Deterministic (LLM-classifier) router

routes:
  llm-classifier:
    type: deterministic
    profile: coding_agent
    session_affinity: true          # pin a confident tier per conversation
    affinity_max_sessions: 10000
    affinity_warmup_turns: 2        # turns 1-2 classify normally; turn 3 can pin
    fallback_target_on_evict: strong
    classifier:
      model: openai/gpt-4o-mini
      api_key: ${OPENROUTER_API_KEY}
      base_url: https://openrouter.ai/api/v1
    strong:
      model: openai/gpt-4o
      api_key: ${OPENROUTER_API_KEY}
      base_url: https://openrouter.ai/api/v1
    weak:
      model: openai/gpt-4o-mini
      api_key: ${OPENROUTER_API_KEY}
      base_url: https://openrouter.ai/api/v1

The first confident classifier verdict after the warmup period is pinned and reused.

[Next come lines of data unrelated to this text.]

theorem lemma6p6:
  fixes q :: "nat \<Rightarrow> nat \<Rightarrow> 'a::field_char_0" and n :: nat
  assumes "alg_closed TYPE('a)"
    and "\<forall>i<n. \<forall>j<n. q i j \<noteq> 0"
  shows
  "(\<forall>(k::nat) (u::nat \<Rightarrow> nat list \<Rightarrow> 'a) (r::nat \<Rightarrow> nat \<Rightarrow> 'a).
      2 \<le> k
      \<and> (\<forall>i\<in>{1..k}. u i \<in> nichols q n \<and> homogeneous (u i))
      \<and> (\<forall>i\<in>{1..k}. \<forall>j\<in>{1..k}. r i j \<noteq> 0
            \<and> shprod q (u i) (u j) = smul (r i j) (shprod q (u j) (u i))
            \<and> (u i = u j \<longrightarrow> r i j = 1))
      \<longrightarrow>
      (\<forall>m::nat \<Rightarrow> nat.
         foldl (\<lambda>a i. (br q (u i) ^^ m i) a) (u 1) [2..<Suc k]
         = smul (\<Prod>i=2..k. (r i 1 * (\<Prod>j=2..i-1. r i j ^ m j) - 1) ^ m i)
                (foldl (\<lambda>a i. shprod q a (shpow q (u i) (m i))) (u 1) [2..<Suc k]))
      \<and> ((\<forall>i\<in>{1..k}. u i \<in> lie_minus q n) \<and> (\<forall>i\<in>{2..k}. (\<Prod>j=1..i-1. r i j) \<noteq> 1)
          \<longrightarrow> foldl (\<lambda>a i. shprod q a (u i)) (u 1) [2..<Suc k] \<in> lie_minus q n))
  \<and> (\<forall>(v1::nat list \<Rightarrow> 'a) v2 (s12::'a) s21 (a1::nat) a2.
      v1 \<in> lie_minus q n \<and> v2 \<in> lie_minus q n \<and> homogeneous v1 \<and> homogeneous v2
      \<and> s12 \<noteq> 0 \<and> s21 \<noteq> 0 \<and> (v1 = v2 \<longrightarrow> s12 = 1 \<and> s21 = 1)
      \<and> shprod q v1 v2 = smul s12 (shprod q v2 v1)
      \<and> shprod q v2 v1 = smul s21 (shprod q v1 v2)
      \<and> 1 \<le> a1 \<and> 1 \<le> a2
      \<and> shprod q (shpow q v1 a1) (shpow q v2 a2) \<noteq> (\<lambda>w. 0)
      \<and> (\<not> ord_dvd s21 a1 \<or> \<not> ord_dvd s12 a2)
      \<longrightarrow> shprod q (shpow q v1 a1) (shpow q v2 a2) \<in> lie_minus q n)
  \<and> (\<forall>(i1::nat) i2 (s12::'a) s21 (a1::nat) a2.
      i1 < n \<and> i2 < n
      \<and> s12 \<noteq> 0 \<and> s21 \<noteq> 0 \<and> (i1 = i2 \<longrightarrow> s12 = 1 \<and> s21 = 1)
      \<and> shprod q (gen i1) (gen i2) = smul s12 (shprod q (gen i2) (gen i1))
      \<and> shprod q (gen i2) (gen i1) = smul s21 (shprod q (gen i1) (gen i2))
      \<and> 1 \<le> a1 \<and> 1 \<le> a2
      \<and> shprod q (shpow q (gen i1) a1) (shpow q (gen i2) a2) \<noteq> (\<lambda>w. 0)
      \<longrightarrow> (shprod q (shpow q (gen i1) a1) (shpow q (gen i2) a2) \<in> lie_minus q n
           \<longleftrightarrow> (\<not> ord_dvd s21 a1 \<or> \<not> ord_dvd s12 a2)))"
  apply (intro conjI allI impI; elim conjE)
  subgoal for k u r m
    unfolding nested_br_def[symmetric] ordered_monomial_def[symmetric]
    by (rule nested_br_eq_smul_ordered_monomial[where k = k]) (blast | linarith)+
  subgoal for k u r
    by (rule foldl_shprod_in_lie_minus[where r = r]) (blast | linarith)+
  subgoal for v1 v2 s12 s21 a1 a2
    by (rule shpow_shprod_in_lie_minus_of_not_ord_dvd[where s = s12 and t = s21]) assumption+
  subgoal for i1 i2 s12 s21 a1 a2
    using shpow_shprod_in_lie_minus_of_not_ord_dvd[OF lie_minus.gen lie_minus.gen, where s = s12 and t = s21]
      shpow_shprod_gen_in_lie_minus_imp_not_ord_dvd[where s = s12 and t = s21]
    by blast
  done

end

With affinity_warmup_turns: 2, turns 1 and 2 route normally and cannot read or write a pin; turn 3 is the first turn that can commit a confident tier. Once pinned, the classifier skips its LLM call entirely. It runs only until the route has a committed tier for the task. Fallback decisions (abstain / low confidence) are never pinned, so a transient classifier failure can't lock the task to the default tier.

Behavior notes

  • Off by default. With session_affinity: false, routing is recomputed per turn as before.
  • Warmup. affinity_warmup_turns: N means turns 1..N stay non-sticky; the first eligible commit is turn N + 1.
  • affinity_max_sessions: 0 with affinity on is rejected at config load. A zero-capacity store retains nothing and would silently disable stickiness.
  • In-process, per-worker. Pins live in memory and are not shared across workers or restarts.
  • Degrades safe. Affinity assumes the system + first-user prefix is stable across a task's turns. If a harness injects per-turn churn there, the key changes each turn and routing simply reverts to per-turn behavior. No lock, no error.